AI agents use fill_column_nulls to create or update resources in DataBeak — usually the action step of a workflow, after the agent has gathered context. Every call changes real data in your DataBeak environment.
This tool creates or modifies data reversibly by populating null values in a column, which is a Write operation. It does not execute code, delete data irreversibly, or move money. Severity is medium because misuse could corrupt data analysis pipelines, but changes are typically reversible by reloading the source data or undoing the fill operation.

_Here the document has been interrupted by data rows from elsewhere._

definition arc_disjoint_strong_subgraphs ::
  "'a set \<Rightarrow> 'a rel \<Rightarrow> 'a set \<Rightarrow> nat \<Rightarrow> (nat \<Rightarrow> 'a set \<times> 'a rel) \<Rightarrow> bool" where
  "arc_disjoint_strong_subgraphs V A S m H \<longleftrightarrow>
     (\<forall>i<m. strong_subgraph_containing V A S (fst (H i)) (snd (H i))) \<and>
     (\<forall>i<m. \<forall>j<m. i \<noteq> j \<longrightarrow> snd (H i) \<inter> snd (H j) = {})"

lemma lambda_S_eq_Sup: "lambda_S V A S = Sup {m. \<exists>H. arc_disjoint_strong_subgraphs V A S m H}"
  unfolding lambda_S_def arc_disjoint_strong_subgraphs_def ..

lemma arc_disjoint_strong_subgraphs_le_card:
  assumes "finite A" "2 \<le> card S" "arc_disjoint_strong_subgraphs V A S m H"
  shows "m \<le> card A"
proof -
  have subgraph: "\<forall>i<m. strong_subgraph_containing V A S (fst (H i)) (snd (H i))"
    and disjoint: "\<forall>i<m. \<forall>j<m. i \<noteq> j \<longrightarrow> snd (H i) \<inter> snd (H j) = {}"
    using assms(3) unfolding arc_disjoint_strong_subgraphs_def by blast+
  have "finite S"
    using assms(2) by (metis card.infinite not_numeral_le_zero)
  moreover have "\<not> card S \<le> Suc 0"
    using assms(2) by simp
  ultimately obtain x y where "x \<in> S" "y \<in> S" "x \<noteq> y"
    using card_le_Suc0_iff_eq by blast
  have nonempty: "snd (H i) \<noteq> {}" if "i < m" for i
  proof
    assume "snd (H i) = {}"
    moreover have "(x, y) \<in> (snd (H i))\<^sup>*"
      using subgraph that \<open>x \<in> S\<close> \<open>y \<in> S\<close>
      unfolding strong_subgraph_containing_def strong_def by blast
    ultimately show False
      using \<open>x \<noteq> y\<close> by simp
  qed
  define f where "f i = (SOME e. e \<in> snd (H i))" for i
  have f: "f i \<in> snd (H i)" if "i < m" for i
    using nonempty[OF that] unfolding f_def by (simp add: some_in_eq)
  have "inj_on f {..<m}"
  proof (rule inj_onI)
    fix i j
    assume "i \<in> {..<m}" "j \<in> {..<m}" "f i = f j"
    then show "i = j"
      using f disjoint by (metis disjoint_iff lessThan_iff)
  qed
  moreover have "f ` {..<m} \<subseteq> A"
    using f subgraph unfolding strong_subgraph_containing_def by blast
  ultimately have "card {..<m} \<le> card A"
    using card_inj_on_le assms(1) by blast
  then show ?thesis
    by simp
qed

lemma le_lambda_S:
  assumes "finite A" "2 \<le> card S" "arc_disjoint_strong_subgraphs V A S m H"
  shows "m \<le> lambda_S V A S"
  unfolding lambda_S_eq_Sup
proof (rule cSup_upper)
  show "m \<in> {m. \<exists>H. arc_disjoint_strong_subgraphs V A S m H}"
    using assms(3) by blast
  show "bdd_above {m. \<exists>H. arc_disjoint_strong_subgraphs V A S m H}"
    by (rule bdd_aboveI[of _ "card A"])
      (use arc_disjoint_strong_subgraphs_le_card[OF assms(1,2)] in blast)
qed

lemma lambda_S_le_1:
  assumes "\<And>V' A'. strong_subgraph_containing V A S V' A' \<Longrightarrow> e \<in> A'"
  shows "lambda_S V A S \<le> 1"
  unfolding lambda_S_eq_Sup
proof (rule cSup_least)
  show "{m. \<exists>H. arc_disjoint_strong_subgraphs V A S m H} \<noteq> {}"
    unfolding arc_disjoint_strong_subgraphs_def by blast
  fix m
  assume "m \<in> {m. \<exists>H. arc_disjoint_strong_subgraphs V A S m H}"
  then obtain H where subgraph: "\<forall>i<m. strong_subgraph_containing V A S (fst (H i)) (snd (H i))"
    and disjoint: "\<forall>i<m. \<forall>j<m. i \<noteq> j \<longrightarrow> snd (H i) \<inter> snd (H j) = {}"
    unfolding arc_disjoint_strong_subgraphs_def by blast
  have "e \<in> snd (H i)" if "i < m" for i
    using assms subgraph that by blast
  then show "m \<le> 1"
    using disjoint by (metis disjoint_iff not_le zero_less_one zero_neq_one less_trans)
qed

lemma two_le_lambda_S_if_strong_orientation:
  assumes "finite A" "sym A" "A \<subseteq> V \<times> V" "Q \<subseteq> A" "asym Q" "strong V Q"
    and "S \<subseteq> V" "2 \<le> card S"
  shows "2 \<le> lambda_S V A S"
proof (rule le_lambda_S[OF assms(1,8)])
  let ?H = "\<lambda>i::nat. (V, if i = 0 then Q else Q\<inverse>)"
  have "Q\<inverse> \<subseteq> A"
    using assms(2,4) by (auto dest: symD)
  moreover have "strong V (Q\<inverse>)"
    using assms(6) by (simp add: strong_def rtrancl_converse)
  ultimately show "arc_disjoint_strong_subgraphs V A S 2 ?H"
    using assms(3-7) unfolding arc_disjoint_strong_subgraphs_def strong_subgraph_containing_def
    by (auto simp: less_2_cases_iff asym_on_def)
qed

lemma bridge_lambda_S_le_1:
  assumes "sym A" "strong V A" "is_bridge V A x y" "x \<in> V" "x \<in> S" "y \<in> S"
  shows "lambda_S V A S \<le> 1"
proof (rule lambda_S_le_1)
  fix V' A'
  assume "strong_subgraph_containing V A S V' A'"
  then have "A' \<subseteq> A" "(x, y) \<in> A'\<^sup>*"
    using assms(5,6) unfolding strong_subgraph_containing_def strong_def by blast+
  then show "(x, y) \<in> A'"
    by (rule bridge_arc_in_subgraph[OF assms(1-4)])
qed

lemma finite_lambda_S_values:
  assumes "finite V"
  shows "finite {lambda_S V A S | S. S \<subseteq> V \<and> card S = k}"
proof (rule finite_subset)
  show "{lambda_S V A S | S. S \<subseteq> V \<and> card S = k} \<subseteq> lambda_S V A ` Pow V"
    by blast
  show "finite (lambda_S V A ` Pow V)"
    using assms by simp
qed

lemma lambda_k_le_lambda_S:
  assumes "finite V" "S \<subseteq> V"
  shows "lambda_k V A (card S) \<le> lambda_S V A S"
  unfolding lambda_k_def
  by (rule Min_le[OF finite_lambda_S_values[OF assms(1)]]) (use assms(2) in blast)

lemma le_lambda_k:
  assumes "finite V" "k \<le> card V" "\<And>S. S \<subseteq> V \<Longrightarrow> card S = k \<Longrightarrow> c \<le> lambda_S V A S"
  shows "c \<le> lambda_k V A k"
proof -
  obtain S where "S \<subseteq> V" "card S = k"
    using obtain_subset_with_card_n[OF assms(2)] by metis
  then have "{lambda_S V A S | S. S \<subseteq> V \<and> card S = k} \<noteq> {}"
    by blast
  then show ?thesis
    unfolding lambda_k_def using finite_lambda_S_values[OF assms(1)] assms(3)
    by (subst Min_ge_iff) blast+
qed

From the tool's definition Tool name 'fill_column_nulls' indicates modification of data by filling null/missing values. Sibling tools include 'fill_missing_values' and 'change_column_type' which are clearly write operations.
Attacks that exploit this kind of access
fill_column_nulls. It is categorised as a Write tool in the DataBeak MCP Server, which means it can create or modify data. Consider rate limits to prevent runaway writes.

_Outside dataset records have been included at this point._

(* Let $m\ge1$, $0<\lambda_1\le\dots\le\lambda_m$, $0<\Lambda_0\le\Lambda_1$, and let $a,b$ be positive definite $m\times m$ matrices with $\Lambda_0I\le a\le\Lambda_1I$ and $\Lambda_0I\le b\le\Lambda_1I$. For $w\in\mathbb{R}^m$ set $\theta=\Lambda_0^{-1}m\|a-b\|_s$ and $\phi=\Lambda_0^{-2}\|w\|^2\|a-b\|_s$. For any $M>0$ there is a constant $c_1=c_1(M)$ such that if $\theta,\phi<M$ then for all $t>0$, $$\Big|\frac{Q_m(w,\widetilde A(t))}{Q_m(w,\widetilde B(t))}-1\Big|\le c_1(\phi+\theta).$$
   Context: $E(s)$ is the diagonal matrix with entries $e^{-\lambda_is}$; $a(t)=\int_0^tE(s)\,a\,E(s)\,ds$ (so $a_{ij}(t)=a_{ij}(1-e^{-(\lambda_i+\lambda_j)t})/(\lambda_i+\lambda_j)$); $g(t)$ is diagonal with $g_{ii}(t)=(1-e^{-2\lambda_it})/(2\lambda_i)$ and $G(t)=g(t)^{-1}$; $\widetilde a(t)=G(t)^{1/2}a(t)G(t)^{1/2}$ and $\widetilde A(t)=\widetilde a(t)^{-1}$; $b(t),\widetilde b(t),\widetilde B(t)$ are defined analogously from $b$. $\|c\|_s=\max\{\sup_i\sum_j|c_{ij}|,\sup_j\sum_i|c_{ij}|\}$. $Q_m(w,C)=(2\pi)^{-m/2}(\det C)^{1/2}e^{-\langle w,Cw\rangle/2}$ for positive definite $C$. *)

theory Defs
  imports "Jordan_Normal_Form.Determinant"
begin

text \<open>Real m x m matrices are represented as Jordan_Normal_Form matrices in carrier_mat m m,
  vectors in R^m as elements of carrier_vec m; indices range over 0..m-1.\<close>

definition pos_def_mat :: "nat \<Rightarrow> real mat \<Rightarrow> bool" where
  "pos_def_mat m A \<longleftrightarrow> A \<in> carrier_mat m m \<and> transpose_mat A = A \<and>
     (\<forall>x \<in> carrier_vec m. x \<noteq> 0\<^sub>v m \<longrightarrow> x \<bullet> (A *\<^sub>v x) > 0)"

definition loewner_between :: "nat \<Rightarrow> real \<Rightarrow> real \<Rightarrow> real mat \<Rightarrow> bool" where
  "loewner_between m L0 L1 A \<longleftrightarrow>
     (\<forall>x \<in> carrier_vec m. L0 * (x \<bullet> x) \<le> x \<bullet> (A *\<^sub>v x) \<and> x \<bullet> (A *\<^sub>v x) \<le> L1 * (x \<bullet> x))"

definition inv_mat :: "real mat \<Rightarrow> real mat" where
  "inv_mat A = (THE B. B \<in> carrier_mat (dim_row A) (dim_row A) \<and> inverts_mat A B \<and> inverts_mat B A)"

text \<open>a(t) = int_0^t E(s) a E(s) ds, written entrywise.\<close>
definition mat_t :: "nat \<Rightarrow> (nat \<Rightarrow> real) \<Rightarrow> real mat \<Rightarrow> real \<Rightarrow> real mat" where
  "mat_t m lam a t = mat m m (\<lambda>(i,j). a $$ (i,j) * (1 - exp (-(lam i + lam j) * t)) / (lam i + lam j))"

definition g_mat :: "nat \<Rightarrow> (nat \<Rightarrow> real) \<Rightarrow> real \<Rightarrow> real mat" where
  "g_mat m lam t = mat m m (\<lambda>(i,j). if i = j then (1 - exp (-2 * lam i * t)) / (2 * lam i) else 0)"

definition G_mat :: "nat \<Rightarrow> (nat \<Rightarrow> real) \<Rightarrow> real \<Rightarrow> real mat" where
  "G_mat m lam t = inv_mat (g_mat m lam t)"

definition G_half :: "nat \<Rightarrow> (nat \<Rightarrow> real) \<Rightarrow> real \<Rightarrow> real mat" where
  "G_half m lam t = mat m m (\<lambda>(i,j). if i = j then sqrt (G_mat m lam t $$ (i,i)) else 0)"

definition tilde_mat :: "nat \<Rightarrow> (nat \<Rightarrow> real) \<Rightarrow> real mat \<Rightarrow> real \<Rightarrow> real mat" where
  "tilde_mat m lam a t = G_half m lam t * mat_t m lam a t * G_half m lam t"

definition Tilde_inv :: "nat \<Rightarrow> (nat \<Rightarrow> real) \<Rightarrow> real mat \<Rightarrow> real \<Rightarrow> real mat" where
  "Tilde_inv m lam a t = inv_mat (tilde_mat m lam a t)"

definition s_norm :: "nat \<Rightarrow> real mat \<Rightarrow> real" where
  "s_norm m c = max (Max {(\<Sum>j<m. \<bar>c $$ (i,j)\<bar>) | i. i < m})
                    (Max {(\<Sum>i<m. \<bar>c $$ (i,j)\<bar>) | j. j < m})"

definition Qm :: "nat \<Rightarrow> real vec \<Rightarrow> real mat \<Rightarrow> real" where
  "Qm m w C = (2 * pi) powr (- real m / 2) * sqrt (det C) * exp (- (w \<bullet> (C *\<^sub>v w)) / 2)"

definition vnorm :: "real vec \<Rightarrow> real" where
  "vnorm w = sqrt (w \<bullet> w)"

end

theory Submission
  imports Defs "Jordan_Normal_Form.Char_Poly" "HOL-Analysis.Analysis"
begin

(* Write h(c) = (1 - e^{-ct})/c = int_0^t e^{-c s} ds. Entrywise the normalised matrix is
   a~_ij = k_ij a_ij with k_ij = h(lam_i + lam_j) / sqrt (h(2 lam_i) h(2 lam_j)), and 0 <= k_ij <= 1 by
   Cauchy-Schwarz; hence Schur's test bounds the bilinear form of b~ - a~ by ||a - b||_s. Writing
   x.a~x as int_0^t u(s).a u(s) ds with |x|^2 = int_0^t |u(s)|^2 ds shows a~ >= L0 I, likewise b~.
   Then Q_m(w,A~)/Q_m(w,B~) = sqrt (det b~ / det a~) * exp (-X/2) with
   X = w.A~w - w.B~w = (A~w).(b~ - a~)(B~w), so |X| <= phi; and det b~ / det a~ is the product of the
   m eigenvalues of a~^{-1} b~, which are real Rayleigh quotients within ||a - b||_s / L0 = theta/m
   of 1.  Both factors are therefore exp (O(theta + phi)), which gives c1 = 2 + e^M. *)

unbundle no vec_syntax
unbundle no inner_syntax
hide_type (open) Finite_Cartesian_Product.vec
hide_const (open) Finite_Cartesian_Product.vec Finite_Cartesian_Product.mat Determinants.det

lemma sqrt_exp: "sqrt (exp x) = exp (x / 2)" for x :: real
  by (rule real_sqrt_unique) (simp_all add: power2_eq_square mult_exp_exp)

lemma exp_mult_exp_neg: "exp (- x * s) * exp (- y * s) = exp (- (x + y) * s)" for x y s :: real
  by (simp add: mult_exp_exp algebra_simps)

lemma exp_neg_double_le:
  fixes d :: real
  assumes "0 \<le> d" "d \<le> 1/2"
  shows "exp (-2 * d) \<le> 1 - d"
proof -
  have "1 \<le> (1 - d) * (1 + 2 * d)"
    using mult_left_mono[of "d * 2" 1 d] assms by (simp add: algebra_simps)
  also have "\<dots> \<le> (1 - d) * exp (2 * d)"
    using exp_ge_add_one_self[of "2 * d"] assms by (intro mult_left_mono) auto
  finally show ?thesis by (simp add: exp_minus field_simps)
qed

lemma exp_minus_one_le:
  fixes u M :: real
  assumes "0 \<le> u" "u \<le> M"
  shows "exp u - 1 \<le> exp M * u"
proof -
  have "exp u * (1 - u) \<le> exp u * exp (-u)"
    using exp_ge_add_one_self[of "-u"] by (intro mult_left_mono) auto
  hence "exp u - 1 \<le> u * exp u" by (simp add: exp_minus field_simps)
  also have "\<dots> \<le> exp M * u" using assms by (simp add: mult.commute mult_left_mono)
  finally show ?thesis .
qed

lemma prod_list_le_exp:
  fixes \<mu>s :: "real list" and \<delta> :: real
  assumes "\<forall>\<mu>\<in>set \<mu>s. 0 < \<mu> \<and> \<bar>\<mu> - 1\<bar> \<le> \<delta>"
  shows "prod_list \<mu>s \<le> exp (length \<mu>s * \<delta>)"
  using assms
proof (induction \<mu>s)
  case (Cons \<mu> \<mu>s)
  have "\<mu> \<le> 1 + \<delta>" using Cons.prems by auto
  also have "\<dots> \<le> exp \<delta>" by (rule exp_ge_add_one_self)
  finally have "\<mu> \<le> exp \<delta>" .
  moreover have "0 \<le> prod_list \<mu>s" using Cons.prems by (intro prod_list_nonneg) auto
  ultimately have "\<mu> * prod_list \<mu>s \<le> exp \<delta> * exp (length \<mu>s * \<delta>)"
    using Cons by (intro mult_mono) auto
  thus ?case by (simp add: mult_exp_exp algebra_simps)
qed simp

lemma exp_le_prod_list:
  fixes \<mu>s :: "real list" and \<delta> :: real
  assumes "\<forall>\<mu>\<in>set \<mu>s. \<bar>\<mu> - 1\<bar> \<le> \<delta>" and "\<delta> \<le> 1/2"
  shows "exp (-2 * (length \<mu>s * \<delta>)) \<le> prod_list \<mu>s"
  using assms(1)
proof (induction \<mu>s)
  case (Cons \<mu> \<mu>s)
  have "0 \<le> \<delta>" using Cons.prems by force
  hence "exp (-2 * \<delta>) \<le> \<mu>" using exp_neg_double_le[of \<delta>] assms(2) Cons.prems by force
  moreover have "0 \<le> \<mu>" using Cons.prems assms(2) by force
  ultimately have "exp (-2 * \<delta>) * exp (-2 * (length \<mu>s * \<delta>)) \<le> \<mu> * prod_list \<mu>s"
    using Cons by (intro mult_mono) auto
  thus ?case by (simp add: mult_exp_exp algebra_simps)
qed simp

lemma sqrt_prod_list_mult_exp_le:
  fixes \<mu>s :: "real list" and \<delta> :: real
  assumes "\<forall>\<mu>\<in>set \<mu>s. 0 < \<mu> \<and> \<bar>\<mu> - 1\<bar> \<le> \<delta>" and "\<bar>X\<bar> \<le> \<phi>"
  shows "sqrt (prod_list \<mu>s) * exp (- X / 2) \<le> exp ((length \<mu>s * \<delta> + \<phi>) / 2)"
proof -
  have "sqrt (prod_list \<mu>s) * exp (- X / 2) \<le> exp (length \<mu>s * \<delta> / 2) * exp (\<phi> / 2)"
  proof (rule mult_mono)
    show "sqrt (prod_list \<mu>s) \<le> exp (length \<mu>s * \<delta> / 2)"
      using real_sqrt_le_mono[OF prod_list_le_exp[OF assms(1)]] by (simp add: sqrt_exp)
  qed (use assms(2) in auto)
  thus ?thesis by (simp add: mult_exp_exp add_divide_distrib)
qed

Register the DataBeak MCP server in PolicyLayer and add a rule for fill_column_nulls: allow, deny, rate-limit, or require approval. Point your MCP client at the PolicyLayer proxy URL and the rule is enforced on every call, before it reaches DataBeak. Nothing to install.
fill_column_nulls is a Write tool with medium risk. Write tools should be rate-limited to prevent accidental bulk modifications.
Yes. Add a rate_limit block to the fill_column_nulls rule in your PolicyLayer policy. For example, setting max: 10 and window: 60 limits the tool to 10 calls per minute. Rate limits are tracked per agent session and reset automatically.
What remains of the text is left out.